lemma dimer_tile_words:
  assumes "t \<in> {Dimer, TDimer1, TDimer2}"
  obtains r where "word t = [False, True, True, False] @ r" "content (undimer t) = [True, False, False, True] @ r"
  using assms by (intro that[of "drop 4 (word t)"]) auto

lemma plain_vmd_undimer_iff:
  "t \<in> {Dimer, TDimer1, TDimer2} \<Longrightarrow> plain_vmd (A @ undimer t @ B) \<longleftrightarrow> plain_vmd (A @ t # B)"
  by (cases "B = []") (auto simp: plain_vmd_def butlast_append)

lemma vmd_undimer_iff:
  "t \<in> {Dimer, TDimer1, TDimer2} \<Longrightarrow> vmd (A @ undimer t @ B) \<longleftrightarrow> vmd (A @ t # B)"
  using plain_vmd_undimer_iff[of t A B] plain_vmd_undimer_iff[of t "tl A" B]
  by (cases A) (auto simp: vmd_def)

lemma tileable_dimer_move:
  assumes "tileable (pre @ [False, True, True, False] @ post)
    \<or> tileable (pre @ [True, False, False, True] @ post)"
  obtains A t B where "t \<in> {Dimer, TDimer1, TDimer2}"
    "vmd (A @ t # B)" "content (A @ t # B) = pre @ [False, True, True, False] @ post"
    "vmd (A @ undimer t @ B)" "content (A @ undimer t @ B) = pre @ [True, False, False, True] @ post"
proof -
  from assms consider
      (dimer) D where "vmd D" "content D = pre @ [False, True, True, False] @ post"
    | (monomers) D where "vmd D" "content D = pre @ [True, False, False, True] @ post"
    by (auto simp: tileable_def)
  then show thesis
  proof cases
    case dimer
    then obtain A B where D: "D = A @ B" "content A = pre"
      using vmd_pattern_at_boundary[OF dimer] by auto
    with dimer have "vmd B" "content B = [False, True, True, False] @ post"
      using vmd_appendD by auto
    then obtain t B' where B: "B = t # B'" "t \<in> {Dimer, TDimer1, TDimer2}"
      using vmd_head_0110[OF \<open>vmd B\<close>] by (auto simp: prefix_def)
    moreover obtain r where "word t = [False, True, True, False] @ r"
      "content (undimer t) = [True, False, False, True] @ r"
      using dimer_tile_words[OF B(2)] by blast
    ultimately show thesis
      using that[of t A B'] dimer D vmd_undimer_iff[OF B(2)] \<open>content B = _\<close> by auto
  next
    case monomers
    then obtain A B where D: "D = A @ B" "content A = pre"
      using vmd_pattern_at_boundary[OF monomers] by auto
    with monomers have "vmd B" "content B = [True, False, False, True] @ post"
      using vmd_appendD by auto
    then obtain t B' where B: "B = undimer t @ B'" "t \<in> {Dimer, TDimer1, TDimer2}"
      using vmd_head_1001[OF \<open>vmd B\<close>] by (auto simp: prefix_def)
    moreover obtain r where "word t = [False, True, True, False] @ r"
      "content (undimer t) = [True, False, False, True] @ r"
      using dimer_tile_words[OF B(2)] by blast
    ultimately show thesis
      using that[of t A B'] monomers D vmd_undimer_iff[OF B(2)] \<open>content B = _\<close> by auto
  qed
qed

◇ ◇ ◇ ◇ ◇

**WHAT TO DO**:
In the entries, find every line holding "close" and copy it.

**EXERCISE SOLUTION**:
      using vmd_head_0110[OF \<open>vmd B\<close>] by (auto simp: prefix_def)
      using that[of t A B'] dimer D vmd_undimer_iff[OF B(2)] \<open>content B = _\<close> by auto
      using vmd_head_1001[OF \<open>vmd B\<close>] by (auto simp: prefix_def)
      using that[of t A B'] monomers D vmd_undimer_iff[OF B(2)] \<open>content B = _\<close> by auto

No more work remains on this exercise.